→ EXERCISE REQUIREMENTS
Look for "close" in the records and copy every line that has it.
====== EXTRACTED RECORDS ======
lemma flagged_state_decomposition:
  "\<exists>\<alpha> \<beta> u u'. (\<Sum>p\<in>{0..<nz} \<times> {0..<M}. (cmod (u p))\<^sup>2) = 1
     \<and> (\<Sum>p\<in>{0..<nz} \<times> {0..<M}. (cmod (u' p))\<^sup>2) = 1
     \<and> flagged_state x F = (\<lambda>(x', z, a, b). if x' = x then (if b then \<alpha> * u (z, a) else \<beta> * u' (z, a)) else 0)
     \<and> (cmod \<alpha>)\<^sup>2 = (fst (F 0))\<^sup>2 * weight x True + (snd (F 0))\<^sup>2 * weight x False"
proof -
  define T where "T = {0..<nz} \<times> {0..<M}"
  have T: "finite T" "(0, 0) \<in> T" unfolding T_def using nz_pos M_pos by auto
  have supp: "flagged_state x F (x, fst p, snd p, b) = 0" if "p \<notin> T" for p b
    using that by (cases p) (auto simp: T_def flagged_state_def)
  obtain \<alpha> u where u: "(\<Sum>p\<in>T. (cmod (u p))\<^sup>2) = 1"
    and good: "\<forall>p. flagged_state x F (x, fst p, snd p, True) = \<alpha> * u p"
    and \<alpha>: "(cmod \<alpha>)\<^sup>2 = (\<Sum>p\<in>T. (cmod (flagged_state x F (x, fst p, snd p, True)))\<^sup>2)"
    using exists_normalized_factor[OF T, of "\<lambda>p. flagged_state x F (x, fst p, snd p, True)"] supp by blast
  obtain \<beta> u' where u': "(\<Sum>p\<in>T. (cmod (u' p))\<^sup>2) = 1"
    and bad: "\<forall>p. flagged_state x F (x, fst p, snd p, False) = \<beta> * u' p"
    using exists_normalized_factor[OF T, of "\<lambda>p. flagged_state x F (x, fst p, snd p, False)"] supp by blast
  have "flagged_state x F = (\<lambda>(x', z, a, b). if x' = x then (if b then \<alpha> * u (z, a) else \<beta> * u' (z, a)) else 0)"
  proof (intro ext, clarify)
    fix y z a b
    show "flagged_state x F (y, z, a, b) = (if y = x then (if b then \<alpha> * u (z, a) else \<beta> * u' (z, a)) else 0)"
      using good[rule_format, of "(z, a)"] bad[rule_format, of "(z, a)"]
      by (cases b) (auto simp: flagged_state_def)
  qed
  with u u' \<alpha> show ?thesis
    unfolding T_def flagged_state_good_norm by blast
qed

lemma weight_True_eq:
  assumes "x < nx"
    and "apply_op ({0..<nx} \<times> {0..<nz}) Or (ket (x, 0)) = (\<lambda>(x', z). if x' = x then \<Psi>' z else 0)"
  shows "weight x True = (\<Sum>z\<in>{z. z < nz \<and> \<chi> z}. (cmod (\<Psi>' z))\<^sup>2)"
proof -
  have "\<Psi>' z = \<Psi> x z" for z
    using fun_cong[OF assms(2), of "(x, z)"] apply_oracle_ket[OF assms(1)] by simp
  have "weight x True = (\<Sum>z\<in>{z \<in> {..<nz}. \<chi> z}. (cmod (\<Psi> x z))\<^sup>2)"
    unfolding weight_def sum.inter_filter[OF finite_lessThan] by simp
  also have "{z \<in> {..<nz}. \<chi> z} = {z. z < nz \<and> \<chi> z}"
    by auto
  finally show ?thesis
    unfolding \<open>\<And>z. \<Psi>' z = \<Psi> x z\<close> .
qed

lemma par_est_zero_amplitude:
  assumes "x < nx" and "weight x True = (sin \<theta>)\<^sup>2" and "0 < sin \<theta>"
  shows "\<exists>\<alpha> \<beta> u u'. (\<Sum>p\<in>{0..<nz} \<times> {0..<M}. (cmod (u p))\<^sup>2) = 1
     \<and> (\<Sum>p\<in>{0..<nz} \<times> {0..<M}. (cmod (u' p))\<^sup>2) = 1
     \<and> run S Or (par_est_zero nx nz \<chi> M) (ket (x, 0, 0, False))
         = (\<lambda>(x', z, a, b). if x' = x then (if b then \<alpha> * u (z, a) else \<beta> * u' (z, a)) else 0)
     \<and> (cmod \<alpha>)\<^sup>2 = sin (real M * \<theta>) ^ 2 / ((real M)\<^sup>2 * sin \<theta> ^ 2)"
proof -
  have "weight x False = (cos \<theta>)\<^sup>2"
    using weight_True_add_False[OF assms(1)] assms(2) by (simp add: cos_squared_eq)
  hence "(fst (output_amplitudes x 0))\<^sup>2 * weight x True + (snd (output_amplitudes x 0))\<^sup>2 * weight x False
      = sin (real M * \<theta>) ^ 2 / ((real M)\<^sup>2 * sin \<theta> ^ 2)"
    using mean_grover_amplitudes_norm[OF assms(3) M_pos] assms(2) by (simp add: output_amplitudes_0)
  thus ?thesis
    using flagged_state_decomposition[of x "output_amplitudes x"] run_par_est_zero[OF assms(1)] by simp
qed

end

lemma par_est_zero_correct:
  fixes Or :: "(nat \<times> nat) kernel"
  assumes M: "1 \<le> M" and U: "unitary_on ({0..<nx} \<times> {0..<nz}) Or"
    and H: "\<forall>x<nx. 0 < \<theta> x \<and> \<theta> x \<le> pi / 2 \<and>
             (\<exists>\<Psi>. apply_op ({0..<nx} \<times> {0..<nz}) Or (ket (x, 0)) = (\<lambda>(x', z). if x' = x then \<Psi> z else 0) \<and>
                  sin (\<theta> x) ^ 2 = (\<Sum>z\<in>{z. z < nz \<and> \<chi> z}. (cmod (\<Psi> z))\<^sup>2))"
    and x: "x < nx"
  shows "\<exists>\<alpha> \<beta> u u'. (\<Sum>p\<in>{0..<nz} \<times> {0..<M}. (cmod (u p))\<^sup>2) = 1
     \<and> (\<Sum>p\<in>{0..<nz} \<times> {0..<M}. (cmod (u' p))\<^sup>2) = 1
     \<and> run (space nx nz M) Or (par_est_zero nx nz \<chi> M) (ket (x, 0, 0, False))
         = (\<lambda>(x', z, a, b). if x' = x then (if b then \<alpha> * u (z, a) else \<beta> * u' (z, a)) else 0)
     \<and> (cmod \<alpha>)\<^sup>2 = sin (real M * \<theta> x) ^ 2 / ((real M)\<^sup>2 * sin (\<theta> x) ^ 2)"
proof -
  obtain \<Psi>' where \<Psi>': "apply_op ({0..<nx} \<times> {0..<nz}) Or (ket (x, 0)) = (\<lambda>(x', z). if x' = x then \<Psi>' z else 0)"
    and good: "sin (\<theta> x) ^ 2 = (\<Sum>z\<in>{z. z < nz \<and> \<chi> z}. (cmod (\<Psi>' z))\<^sup>2)"
    and \<theta>: "0 < \<theta> x" "\<theta> x \<le> pi / 2"
    using H x by blast
  have "0 < sin (\<theta> x)"
    using \<theta> by (intro sin_gt_zero) auto
  moreover have "0 < nz"
  proof (rule ccontr)
    assume "\<not> 0 < nz"
    hence "sin (\<theta> x) ^ 2 = 0" using good by simp
    thus False using \<open>0 < sin (\<theta> x)\<close> by simp
  qed
  then interpret input_preserving_oracle nx nz \<chi> M Or
    using M U H by unfold_locales blast+
  show ?thesis
    using par_est_zero_amplitude[OF x _ \<open>0 < sin (\<theta> x)\<close>] weight_True_eq[OF x \<Psi>'] good by simp
qed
======
→ EXPECTED OUTPUT
    unfolding \<open>\<And>z. \<Psi>' z = \<Psi> x z\<close> .
    thus False using \<open>0 < sin (\<theta> x)\<close> by simp
    using par_est_zero_amplitude[OF x _ \<open>0 < sin (\<theta> x)\<close>] weight_True_eq[OF x \<Psi>'] good by simp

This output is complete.